Mercado
20/02/2004, 13:07

Globo se livra do pedido de Chapter 11 em Nova York

POR REDAÇÃO

A Bankruptcy Court de Nova York negou na quinta-feira, 19, o pedido dos três fundos que queriam que o processo de reestruturação da dívida da Globopar passasse pelo Chapter 11 da legislação de falências dos EUA. A juíza Prudence Beatty, segundo informações do jornal The New York Times, alegou falta de abrangência no pedido e acatou a argumentação da Globopar de que a questão não deveria ser resolvida pela Justiça dos EUA. Ela também entendeu como válidos o argumento do grupo Globo de que não há ativos nos EUA para sustentar tal pedido e que é improvável que a Justiça brasileira libere ativos no Brasil para compensar uma eventual ação nos EUA. Ainda segundo o periódico norte-americano, a juíza não reconheceu os três fundos como pleiteantes legítimos de um pedido de Chapter 11, considerado por ela "uma forma terrível de cobrar dívidas".
Segundo informações de mercado, o grupo Globo assegurou aos seus credores que apresentará uma versão atualizada do business plan no início de março. Esse é um dos compromissos que os credores exigiram que fossem cumpridos rapidamente para que as negociações assumissem um curso mais produtivo, segundo cartas enviadas à Globopar em janeiro. Os credores também querem que o grupo Globo mostre que critérios de governança corporativa serão adotados, quais os percentuais que caberão aos credores em uma nova entidade que reunirá provavelmente TV Globo e Globopar, o valor e a origem de novos aportes na companhia, clareza com relação à participação do grupo na Net Serviços e na Sky após a reestruturação destas duas empresas, um novo pacote de medidas de contenção de custos, prazos mais razoáveis de alongamento de dívida e melhores taxas de juros. Querem, enfim, uma proposta mais detalhada do que aquela que foi apresentada pela Globopar em dezembro.
Os fundos que recorreram à Justiça de Nova York eram de alguma forma ligados, segundo a Globopar, a um gestor chamado W.R. Huff.
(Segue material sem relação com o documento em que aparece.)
lemma le_level_if_tight:
  assumes F: "F \<in> fam C B A" and "finite C" "finite A" "Y \<subseteq> A" "Y \<noteq> {}"
    and above: "\<forall>x\<in>Y. t \<le> Supp C F x" and "tight C B m Y"
  shows "t \<le> m"
proof -
  have "real (card Y) * t \<le> (\<Sum>x\<in>Y. Supp C F x)"
    using above by (intro sum_bounded_below) auto
  also have "\<dots> \<le> m * real (card Y)"
    using sum_Supp_le_covered_votes[OF F assms(2-4)] \<open>tight C B m Y\<close> unfolding tight_def by simp
  finally show ?thesis
    using assms(3-5) by (simp add: mult.commute card_gt_0_iff finite_subset)
qed

lemma tight_mono: "tight C B m Z \<Longrightarrow> m \<le> m' \<Longrightarrow> tight C B m' Z"
  unfolding tight_def by (meson mult_right_mono of_nat_0_le_iff order_trans)

lemma Supp_le_total_votes:
  assumes G: "G \<in> fam C B A" and "finite A" "x \<in> A"
  shows "Supp C G x \<le> (\<Sum>y\<in>Pow C. real (B y))"
  unfolding Supp_def
proof (rule sum_mono)
  fix y assume y: "y \<in> Pow C"
  show "G y x \<le> real (B y)"
  proof (cases "x \<in> y")
    case True
    have "G y x \<le> (\<Sum>z\<in>A \<inter> y. G y z)"
      using True assms fam_nonneg[OF G y] by (intro member_le_sum) auto
    also have "\<dots> = real (B y)" using fam_ballot_sum[OF G y] True \<open>x \<in> A\<close> by blast
    finally show ?thesis .
  qed (use fam_vanishes[OF G y \<open>x \<in> A\<close>] in simp)
qed

lemma exists_Supp_le_maxMin:
  assumes G: "G \<in> fam C B A" and "finite A" "A \<noteq> {}"
  shows "\<exists>x\<in>A. Supp C G x \<le> maxMin C B A"
proof -
  have "bdd_above ((\<lambda>G. Min (Supp C G ` A)) ` fam C B A)"
  proof (rule bdd_aboveI2)
    fix G assume G: "G \<in> fam C B A"
    obtain x where "x \<in> A" using \<open>A \<noteq> {}\<close> by blast
    then have "Min (Supp C G ` A) \<le> Supp C G x" using \<open>finite A\<close> by simp
    also have "\<dots> \<le> (\<Sum>y\<in>Pow C. real (B y))" using Supp_le_total_votes[OF G \<open>finite A\<close> \<open>x \<in> A\<close>] .
    finally show "Min (Supp C G ` A) \<le> (\<Sum>y\<in>Pow C. real (B y))" .
  qed
  then have "Min (Supp C G ` A) \<le> maxMin C B A"
    unfolding maxMin_def using G by (rule cSUP_upper2) simp
  moreover have "Min (Supp C G ` A) \<in> Supp C G ` A" using assms(2,3) by simp
  ultimately show ?thesis by auto
qed

lemma covered_votes_le_sum_Supp_if_closed:
  assumes F: "F \<in> fam C B A" and "finite C" "finite A" "Z \<subseteq> A"
    and closed: "\<And>y x. y \<in> Pow C \<Longrightarrow> x \<in> A \<Longrightarrow> 0 < F y x \<Longrightarrow> y \<inter> Z \<noteq> {} \<Longrightarrow> x \<in> Z"
  shows "covered_votes C B Z \<le> (\<Sum>x\<in>Z. Supp C F x)"
proof -
  have "finite Z" using assms finite_subset by blast
  have "covered_votes C B Z = (\<Sum>y\<in>Pow C. if y \<inter> Z \<noteq> {} then real (B y) else 0)"
    using covered_votes_eq_sum[OF \<open>finite C\<close>] .
  also have "\<dots> \<le> (\<Sum>y\<in>Pow C. \<Sum>x\<in>Z. F y x)"
  proof (rule sum_mono)
    fix y assume y: "y \<in> Pow C"
    have Z_nonneg: "\<forall>x\<in>Z. 0 \<le> F y x" using fam_nonneg[OF F y] \<open>Z \<subseteq> A\<close> by blast
    show "(if y \<inter> Z \<noteq> {} then real (B y) else 0) \<le> (\<Sum>x\<in>Z. F y x)"
    proof (cases "y \<inter> Z = {}")
      case False
      have "y \<inter> A \<noteq> {}" using False \<open>Z \<subseteq> A\<close> by blast
      then have "real (B y) = (\<Sum>x\<in>A \<inter> y. F y x)" using fam_ballot_sum[OF F y] by simp
      also have "\<dots> = (\<Sum>x\<in>Z \<inter> y. F y x)"
      proof (rule sum.mono_neutral_right)
        show "\<forall>x\<in>A \<inter> y - Z \<inter> y. F y x = 0"
          using closed[OF y _ _ False] fam_nonneg[OF F y] by force
      qed (use \<open>finite A\<close> \<open>Z \<subseteq> A\<close> in auto)
      also have "\<dots> \<le> (\<Sum>x\<in>Z. F y x)"
        using \<open>finite Z\<close> Z_nonneg by (intro sum_mono2) auto
      finally show ?thesis using False by simp
    qed (simp add: Z_nonneg sum_nonneg)
  qed
  also have "\<dots> = (\<Sum>x\<in>Z. Supp C F x)" unfolding Supp_def by (rule sum.swap)
  finally show ?thesis .
qed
Ainda segundo o grupo Globo, era um grupo de fundos "abutre", que compra papéis de empresas em moratória ou em dificuldade para tentar conseguir condições mais vantajosas de negociação. O W.R. Huff é parte do comitê de credores composto por bondholders criado para negociar com a Globopar. Ao todo, os três fundos ligados ao Huff reclamam o pagamento de US$ 94 milhões em bonds.

BNDES

As dificuldades vividas pela Globopar com os fundos "abutre" nos EUA e a complexa negociação com os comitês de credores coincide com o momento em que os debates sobre a ajuda do BNDES aos grupos de comunicação tornam-se cada vez mais acalorados.
A Record manifestou abertamente seu descontentamento com a forma como a questão está sendo cunduzida. Quer que o BNDES não permita o uso do dinheiro para o pagamento de dívidas e, nesse sentido, inclusive anunciou seu rompimento com a Abert, que conduz oficialmente as negociações. A posição da Record é ratificada, segundo fontes de mercado, em maior ou menor grau pelo SBT e pela RedeTV!. As redes querem aproveitar a oportunidade de investimento para crescer e, eventualmente, ocupar espaço da Globo.
A rede Bandeirantes também já manifestou abertamente que prefere que os recursos priorizem investimentos futuros das empresas de comunicação.
Carlos Lessa, presidente do BNDES, manifestou nos últimos dias seu desconforto em relação a essas diferenças de posição dentro dos grupos. Chegou inclusive a dizer que essa questão, provavelmente, terá que ser discutida pelo Congresso. Por outro lado, colocou-se favorável à tese de que o empréstimo, se vier, deve priorizar grupos que produzam conteúdo nacional, que priorizem a dramaturgia e o jornalismo brasileiro. A Globo está em aberta campanha pública que visa justamente ressaltar seus esforços em favor do conteúdo e da produção nacional.
Já o ministro Luiz Gushiken, da Secom, não tem dado declarações públicas, mas no passado também mostrou-se favorável a um apoio prioritário a quem prioriza o conteúdo nacional.